**Assigned task:** How many lines in the records below contain the word "lemma"? State that number and nothing more.

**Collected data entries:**
lemma ends_separated:
  assumes \<nu>: "\<nu> \<in> cends S Fs" and \<nu>': "\<nu>' \<in> cends S Fs" and "\<nu> \<noteq> \<nu>'"
  obtains X where "finite X" "X \<subseteq> S" "endK S Fs X \<nu> \<inter> endK S Fs X \<nu>' = {}"
proof -
  obtain N where N: "necklace S Fs N" "\<nu> = neck_class S Fs N" using \<nu> cends_iff by blast
  obtain N' where N': "necklace S Fs N'" "\<nu>' = neck_class S Fs N'" using \<nu>' cends_iff by blast
  have "\<not> neck_equiv S Fs N N'"
  proof
    assume "neck_equiv S Fs N N'"
    then have "N' \<in> neck_class S Fs N" using N'(1) unfolding neck_class_def by blast
    then show False using neck_class_eq[OF N(1)] N N' assms(3) by simp
  qed
  then obtain X where X: "finite X" "X \<subseteq> S"
    and apart: "\<not> (\<exists>K\<in>ccomponents S Fs (S - X). ctail S Fs N X \<subseteq> K \<and> ctail S Fs N' X \<subseteq> K)"
    unfolding neck_equiv_def by blast
  have "endK S Fs X \<nu> \<inter> endK S Fs X \<nu>' = {}"
  proof (rule ccontr)
    assume "endK S Fs X \<nu> \<inter> endK S Fs X \<nu>' \<noteq> {}"
    then have "endK S Fs X \<nu> = endK S Fs X \<nu>'"
      using ccomponents_eq endK_in_ccomponents[OF \<nu> X] endK_in_ccomponents[OF \<nu>' X] by blast
    then show False
      using apart endK_in_ccomponents[OF \<nu> X] ctail_subset_endK[OF N(1) X] ctail_subset_endK[OF N'(1) X]
        N(2) N'(2) by auto
  qed
  then show ?thesis using that X by blast
qed

lemma converges_unique:
  assumes "\<nu> \<in> cends S Fs" "\<nu>' \<in> cends S Fs" "converges S Fs Y \<nu>" "converges S Fs Y \<nu>'"
  shows "\<nu> = \<nu>'"
proof (rule ccontr)
  assume "\<nu> \<noteq> \<nu>'"
  then obtain X where X: "finite X" "X \<subseteq> S" "endK S Fs X \<nu> \<inter> endK S Fs X \<nu>' = {}"
    using ends_separated assms(1,2) by blast
  have "infinite Y" "finite (Y - endK S Fs X \<nu>)" "finite (Y - endK S Fs X \<nu>')"
    using assms(3,4) X(1,2) unfolding converges_def by auto
  then show False using cofinite_subsets_meet X(3) by blast
qed

lemma converges_neck_class:
  assumes N: "necklace S Fs N" and "infinite Y" "finite (Y - N)"
  shows "converges S Fs Y (neck_class S Fs N)"
  unfolding converges_def
proof (intro conjI allI impI)
  show "infinite Y" by fact
  fix X assume X: "finite X \<and> X \<subseteq> S"
  then have "Y - endK S Fs X (neck_class S Fs N) \<subseteq> (Y - N) \<union> (N - ctail S Fs N X)"
    using ctail_subset_endK[OF N] by blast
  moreover have "finite ((Y - N) \<union> (N - ctail S Fs N X))"
    using assms(3) ctail(2)[OF N] X by simp
  ultimately show "finite (Y - endK S Fs X (neck_class S Fs N))" by (rule finite_subset)
qed

end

**Answer for the task:** 3